Posted: 02/ 2/2012 5:38 pm

Skrillex is a DJ and electronic dance music producer whose real name is Sonny Moore. His haircut is asymmetrical and his preferred genre of music is currently dubstep, though he got his first musical breaks as the singer of a screamo band called From First to Last.

This week Skrillex played a string of gigs in the New York area, which means that critics from taste-making websites were able to stop by his shows, where they were shocked by what they saw and forced to confront their creeping climb into the attic of adulthood, a place where bloggers aren't accustomed to finding themselves.

And what's more interesting than the debate over whether or not Moore's glitched out arsenal of brash house hits "ruined" dubstep is how some of the country's best bloggers reacted to his live shows. Both Grantland's Amos Barshad and Gawker's Adrian Chen found themselves feeling old at Skrillex's Webster Hall gig.

Barshad writes, "One thing about being 27 is that you're definitely old enough to be allowed to flippantly dismiss things high school kids are into, but not necessarily old enough to want to flippantly dismiss things high school kids are into."

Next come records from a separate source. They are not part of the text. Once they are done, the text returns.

lemma reachable_signing:
  assumes "reachable n t F v s"
  shows "signed_below n (loc s) (sgd s) \<and> one_value_per_round (sgd s)"
  using assms
proof (induction rule: reachable.induct)
  case init
  then show ?case by (simp add: init_gst_def signed_below_def one_value_per_round_def)
next
  case (start s i)
  let ?x = "Aux i 0 (v i)"
  have "rnd ?x = sign_frontier n (signer ?x) (loc s (signer ?x))"
    "sign_frontier n (signer ?x) (loc s (signer ?x))
       < sign_frontier n (signer ?x) ((loc s i)\<lparr>rr := 0, aux := {}, pc := Top\<rparr>)"
    using start.hyps(4) by (simp_all add: sign_frontier_def)
  from signing_at_frontier_preserves[OF start.IH this] show ?case by (simp add: fun_upd_def)
next
  case (top_coord s i ls e P)
  let ?x = "Aux i (rr ls) e"
  have "rr ls = Suc (rr (loc s i))" using top_coord.hyps(5) by simp
  then have coordinator: "Suc (rr (loc s i)) mod n = i" using top_coord.hyps(6) by metis
  have "rnd ?x = sign_frontier n (signer ?x) (loc s (signer ?x))"
    "sign_frontier n (signer ?x) (loc s (signer ?x))
       < sign_frontier n (signer ?x) (ls\<lparr>timer := start_timer (2 * rr ls) (timer ls), pc := WaitT1\<rparr>)"
    using top_coord.hyps(4,5) coordinator by (simp_all add: sign_frontier_def)
  from signing_at_frontier_preserves[OF top_coord.IH this] show ?case by (simp add: fun_upd_def)
next
  case (top_other s i ls)
  have "sign_frontier n i (loc s i)
      \<le> sign_frontier n i (ls\<lparr>timer := start_timer (2 * rr ls) (timer ls), pc := WaitT1\<rparr>)"
    using top_other.hyps(4,5,6) by (simp add: sign_frontier_def)
  from frontier_advance_preserves[OF top_other.IH this] show ?case by (simp add: fun_upd_def)
next
  case (t1_coord s i ls)
  have coordinator: "rr (loc s i) mod n = i" using t1_coord.hyps(5,7) by metis
  have "sign_frontier n i (loc s i) \<le> sign_frontier n i (ls\<lparr>pc := WaitQ\<rparr>)"
    using t1_coord.hyps(4,5) coordinator by (simp add: sign_frontier_def)
  from frontier_advance_preserves[OF t1_coord.IH this] show ?case by (simp add: fun_upd_def)
next
  case (t1_other s i ls e P)
  let ?x = "Aux i (rr ls) e"
  have "rnd ?x = sign_frontier n (signer ?x) (loc s (signer ?x))"
    "sign_frontier n (signer ?x) (loc s (signer ?x)) < sign_frontier n (signer ?x) (ls\<lparr>pc := WaitQ\<rparr>)"
    using t1_other.hyps(4,5,7) by (simp_all add: sign_frontier_def)
  from signing_at_frontier_preserves[OF t1_other.IH this] show ?case by (simp add: fun_upd_def)
next
  case (quorum s i ls)
  have "sign_frontier n i (loc s i)
      \<le> sign_frontier n i (ls\<lparr>timer := start_timer (2 * rr ls + 1) (timer ls), pc := WaitT2\<rparr>)"
    using quorum.hyps(4,5) by (simp add: sign_frontier_def)
  from frontier_advance_preserves[OF quorum.IH this] show ?case by (simp add: fun_upd_def)
next
  case (decide s i ls b)
  have "sign_frontier n i (loc s i) \<le> sign_frontier n i (ls\<lparr>pc := Top, dec := d\<rparr>)" for d
    using decide.hyps(4,5) by (simp add: sign_frontier_def)
  from frontier_advance_preserves[OF decide.IH this] show ?case by (simp add: fun_upd_def)
next
  case (timeout s i k)
  have "sign_frontier n i (loc s i) \<le> sign_frontier n i ((loc s i)\<lparr>timer := T\<rparr>)" for T
    by (simp add: sign_frontier_def)
  from frontier_advance_preserves[OF timeout.IH this] show ?case by (simp add: fun_upd_def)
next
  case (receive s i j m P ls A S)
  have "sign_frontier n i (loc s i) \<le> sign_frontier n i (ls\<lparr>rcvd := R, aux := X, timer := T\<rparr>)"
    for R X T
    using receive.hyps(5) by (simp add: sign_frontier_def)
  from frontier_advance_preserves[OF receive.IH this] show ?case by (simp add: fun_upd_def)
next
  case (byz_send s j k m P)
  show ?case using byz_send.IH by simp
qed

lemma reachable_round_positive:
  assumes "reachable n t F v s"
  shows "\<forall>i. pc (loc s i) \<in> {WaitT1, WaitQ, WaitT2} \<longrightarrow> 1 \<le> rr (loc s i)"
  using assms
proof (induction rule: reachable.induct)
  case (top_coord s i ls e P)
  show ?case using top_coord.IH top_coord.hyps(5) by simp
next
  case (t1_coord s i ls)
  show ?case using t1_coord.IH t1_coord.hyps(4,5) by simp
qed (auto simp: init_gst_def init_lst_def)

lemma reachable_decision_certified:
  assumes "reachable n t F v s"
  shows "\<forall>i b. dec (loc s i) = Some b \<longrightarrow> certified_value n t F (sgd s) b"
  using assms
proof (induction rule: reachable.induct)
  case (decide s i ls b)
  have "1 \<le> rr ls" using reachable_round_positive[OF decide.hyps(1)] decide.hyps(4,5) by simp
  moreover have "has_quorum n t F (sgd s) (rr ls) b"
    if "n - t \<le> card (senders (aux ls) (rr ls) b)"
    using has_quorumI reachable_aux_genuine[OF decide.hyps(1)] decide.hyps(5) that by blast
  ultimately show ?case
    using decide.IH decide.hyps(5,7) by (auto simp: certified_value_def)
next
  case (top_coord s i ls e P)
  show ?case using top_coord.IH top_coord.hyps(5) by (simp add: certified_value_insert)
next
  case (t1_coord s i ls)
  show ?case using t1_coord.IH t1_coord.hyps(5) by simp
qed (auto simp: init_gst_def init_lst_def intro: certified_value_insert)

theorem lemma3:
  fixes n t :: nat and F :: "nat set" and v :: "nat \<Rightarrow> nat" and s :: gst
  assumes "3 * t < n"
    and "F \<subseteq> {1..n}" and "card F \<le> t"
    and "\<forall>i\<in>{1..n} - F. v i \<le> 1"
    and "reachable n t F v s"
    and "i \<in> {1..n} - F" and "j \<in> {1..n} - F"
    and "dec (loc s i) = Some a" and "dec (loc s j) = Some b"
  shows "a = b"
proof (rule certified_values_agree)
  show "finite F" using assms(2) finite_subset by blast
  show "\<forall>m\<in>sgd s. justified n t F (sgd s) m" using reachable_justified[OF assms(5)] .
  show "one_value_per_round (sgd s)" using reachable_signing[OF assms(5)] by blast
  show "certified_value n t F (sgd s) a" "certified_value n t F (sgd s) b"
    using reachable_decision_certified[OF assms(5)] assms(8,9) by blast+
qed (use assms(1,3) in auto)

end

He goes on to encounter the various rave types, from bros to girls in bras on bros' shoulders. From his post, it seems like Chen, also 27, had a similar experience:

At 2am this morning, dampened with beer spilled by the drunk couple grinding above me as Skrillex bounced like a greased spring backlit by an enormous LCD screen filled with a loop of the viral video Nyan Cat I definitely felt on the far side of that line for one of the few times in my 27 years.

Dubstep is essentially what happens when the bottom is dropped out of a song's bassline. Dubstep often start out calm and melodic, but as a track nears its "drop" (an instrumental chorus on steroids), the beat builds and doubles on top of itself until it's finally released in a barrage of wobbly, extended downbeats and high-pitched screeches.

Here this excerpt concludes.